Request Review of draft-kelsey-intarea-mesh-link-establishment
Requested revision No specific revision (document currently at 06)
Type Last Call Review
Team Security Area Directorate (secdir)
Deadline 2013-09-16
Requested 2013-08-22
Authors Richard Kelsey
I-D last updated 2013-09-19
Completed reviews Genart Last Call review of -05 by Ben Campbell (diff)
Genart Telechat review of -06 by Ben Campbell
Secdir Last Call review of -05 by Scott G. Kelly (diff)
Tsvdir Last Call review of -05 by Wesley Eddy (diff)
Opsdir Telechat review of -06 by Fred Baker
Assignment Reviewer Scott G. Kelly
State Completed
Request Last Call review on draft-kelsey-intarea-mesh-link-establishment by Security Area Directorate Assigned
Reviewed revision 05 (document currently at 06)
Result Has issues
Completed 2013-09-19
review-kelsey-intarea-mesh-link-establishment-05-secdir-lc-kelly-2013-09-19-00
I have reviewed this document as part of the security directorate's ongoing
effort to review all IETF documents being processed by the IESG.  These
comments were written primarily for the benefit of the security area directors.
 Document editors and WG chairs should treat these comments just like any other
last call comments.

From the abstract: "This document defines the mesh link establishment (MLE)
protocol for establishing and configuring secure radio links in IEEE 802.15.4
radio mesh networks." It defines a UDP-based protocol to configure radio links,
facilitate network-wide changes to radio parameters, and detect neighboring
devices.

The protocol is intended for IEEE 802.15.4 mesh networks, and it re-uses
features from this link-layer protocol. I haven't been keeping up with this
IEEE effort, so when I opened the draft I was a complete noob.

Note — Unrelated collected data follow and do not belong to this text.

lemma setsum_elt_in_span_basic:
  assumes "S_closed G S Y"
  shows "setsum_elt Y \<in> span_basic S"
proof -
  define a where "a B = (if B \<subseteq> Y then 1 else 0 :: int)" for B
  have "setsum_elt Y g = (\<Sum>B\<in>S. a B * setsum_elt B g)" for g
  proof (cases "g \<in> carrier G")
    case True
    then obtain B0 where "B0 \<in> S" "g \<in> B0"
      using basic_cover by blast
    moreover have "B0 \<subseteq> Y \<longleftrightarrow> g \<in> Y"
      using assms \<open>B0 \<in> S\<close> \<open>g \<in> B0\<close> unfolding S_closed_def by blast
    ultimately show ?thesis
      using span_basic_apply by (simp add: a_def setsum_elt_def)
  next
    case False
    then have "g \<notin> Y" "\<forall>B\<in>S. g \<notin> B"
      using assms basic_subset_carrier unfolding S_closed_def by auto
    then show ?thesis
      by (simp add: setsum_elt_def)
  qed
  then show ?thesis
    unfolding span_basic_def by blast
qed

text \<open>The coefficients of a product of two 0-1 elements are nonnegative, so the support
  of the product is exactly the set product.\<close>
lemma gr_mult_setsum_elt_nonzero_iff:
  assumes "Y \<subseteq> carrier G" "Z \<subseteq> carrier G" "g \<in> carrier G"
  shows "gr_mult G (setsum_elt Y) (setsum_elt Z) g \<noteq> 0 \<longleftrightarrow> g \<in> Y <#> Z"
proof -
  have "gr_mult G (setsum_elt Y) (setsum_elt Z) g \<noteq> 0
      \<longleftrightarrow> (\<exists>x\<in>carrier G. setsum_elt Y x * setsum_elt Z (inv x \<otimes> g) \<noteq> 0)"
    using assms(3) sum_nonneg_eq_0_iff[OF finite_carrier,
        of "\<lambda>x. setsum_elt Y x * setsum_elt Z (inv x \<otimes> g)"]
    by (auto simp: gr_mult_def setsum_elt_def)
  also have "\<dots> \<longleftrightarrow> (\<exists>x\<in>Y. inv x \<otimes> g \<in> Z)"
    using assms(1) by (auto simp: setsum_elt_def)
  also have "\<dots> \<longleftrightarrow> (\<exists>x\<in>Y. \<exists>z\<in>Z. g = x \<otimes> z)"
  proof
    assume "\<exists>x\<in>Y. inv x \<otimes> g \<in> Z"
    then obtain x where "x \<in> Y" "inv x \<otimes> g \<in> Z"
      by blast
    moreover have "g = x \<otimes> (inv x \<otimes> g)"
      using \<open>x \<in> Y\<close> assms(1,3) by (simp add: m_assoc[symmetric] subsetD)
    ultimately show "\<exists>x\<in>Y. \<exists>z\<in>Z. g = x \<otimes> z"
      by blast
  next
    assume "\<exists>x\<in>Y. \<exists>z\<in>Z. g = x \<otimes> z"
    then obtain x z where "x \<in> Y" "z \<in> Z" "g = x \<otimes> z"
      by blast
    moreover have "inv x \<otimes> (x \<otimes> z) = z"
      using \<open>x \<in> Y\<close> \<open>z \<in> Z\<close> assms(1,2) by (simp add: m_assoc[symmetric] subsetD)
    ultimately show "\<exists>x\<in>Y. inv x \<otimes> g \<in> Z"
      by (intro bexI[of _ x]) simp_all
  qed
  also have "\<dots> \<longleftrightarrow> g \<in> Y <#> Z"
    unfolding set_mult_def by blast
  finally show ?thesis .
qed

I have comments/questions about 3 things in the document:

1) The protocol mostly relies on the security mechanisms of 802.15.4, except
that it adds an anti-replay mechanism. This mechanism requires a a message
recipient to send a challenge to a newly-heard neighbor, and for that neighbor
to return the same challenge. The challenge is defined as a TLV. Although
RFC4086 is referenced for challenge generation, no minimum challenge length is
specified. Does that mean a one-byte random challenge is okay? Since the text
also says "A new value MUST be chosen for each Challenge TLV transmitted", you
probably want to specify a reasonable minimum length.

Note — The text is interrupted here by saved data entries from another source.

(* Let $n\ge2$, $1\le m,k\le n$, and set $A=k$, $B=k-m$. Then: (a) The presentation $\mathcal{H}_n(m,k)$ satisfies C(3)-T(6) if and only if $tA\not\equiv0$ and $tB\not\equiv0$ for all $1\le t\le5$, and $A\not\equiv\pm B$, $A\not\equiv\pm2B$, $B\not\equiv\pm2A$ (all congruences mod $n$); moreover, in this case it is a non-special C(3)-T(6) presentation. (b) The presentation $\mathcal{H}_n(m,k)$ satisfies C(3)-T(7) if and only if $tA\not\equiv0$ and $tB\not\equiv0$ for all $1\le t\le6$, and $A\not\equiv\pm2B$, $A\not\equiv\pm3B$, $B\not\equiv\pm2A$, $B\not\equiv\pm3A$, $2A\not\equiv\pm2B$ (all congruences mod $n$).
   Context: $\mathcal{H}_n(m,k)=\langle x_1,\ldots,x_n\mid x_ix_{i+m}x_{i+k}^{-1}\ (1\le i\le n)\rangle$ (subscripts mod $n$), defining the group $H_n(m,k)$. The C($p$) and T($q$) conditions are the standard small cancellation conditions (Lyndon–Schupp, Ch. V) for the symmetrized closure of the relators. The star graph of a presentation $\langle X\mid R\rangle$ has vertex set $X\cup X^{-1}$ and an edge from $x$ to $y$ for each distinct word $x^{-1}yu$ ($x\ne y$) that is a cyclic permutation of a relator or its inverse; for presentations with all relators of length at least 3, C(3)-T($q$) ($q>4$) holds iff the star graph has no cycle of length less than $q$. A C(3)-T(6) presentation is special if every relator has length 3 and the star graph is isomorphic to the incidence graph of a finite projective plane. *)

theory Defs
  imports Main "HOL-Number_Theory.Cong"
begin

text \<open>A letter is a generator together with a sign (True = the generator,
False = its inverse).  A word is a list of letters.\<close>

type_synonym 'a letter = "'a \<times> bool"
type_synonym 'a word = "'a letter list"

definition linv :: "'a letter \<Rightarrow> 'a letter" where
  "linv x = (fst x, \<not> snd x)"

definition winv :: "'a word \<Rightarrow> 'a word" where
  "winv w = rev (map linv w)"

definition freely_reduced :: "'a word \<Rightarrow> bool" where
  "freely_reduced w \<longleftrightarrow> (\<forall>i. Suc i < length w \<longrightarrow> w ! Suc i \<noteq> linv (w ! i))"

definition cyclically_reduced :: "'a word \<Rightarrow> bool" where
  "cyclically_reduced w \<longleftrightarrow> freely_reduced w \<and> (w \<noteq> [] \<longrightarrow> last w \<noteq> linv (hd w))"

definition symmetrized_closure :: "'a word set \<Rightarrow> 'a word set" where
  "symmetrized_closure R = {rotate j r | r j. r \<in> R \<union> winv ` R}"

definition is_piece :: "'a word set \<Rightarrow> 'a word \<Rightarrow> bool" where
  "is_piece S b \<longleftrightarrow>
     (\<exists>r1\<in>S. \<exists>r2\<in>S. r1 \<noteq> r2 \<and> (\<exists>c1. r1 = b @ c1) \<and> (\<exists>c2. r2 = b @ c2))"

2) Section 5 says "MLE security MUST NOT use any key that is being used by the
link (or any other) layer." I think the point you're trying to make is that
because of CCM, key re-use is potentially toxic. It might be good to explicitly
state this.

3) Prior to the text just referenced, it says, "If MLE security is in use each
device MUST maintain an outgoing MLE frame counter for use in securing outgoing
packets in compliance with [CCM].  This MAY be the same frame counter used for
securing 802.15.4 frames; in this case the same counter value MUST NOT be used
for securing both an 802.15.4 message and an MLE message."

Maybe I'm just missing it, but I don't understand the need for MUST NOT here.
Since they must have different keys, what harm results from using the same
counter value in distinct protocols?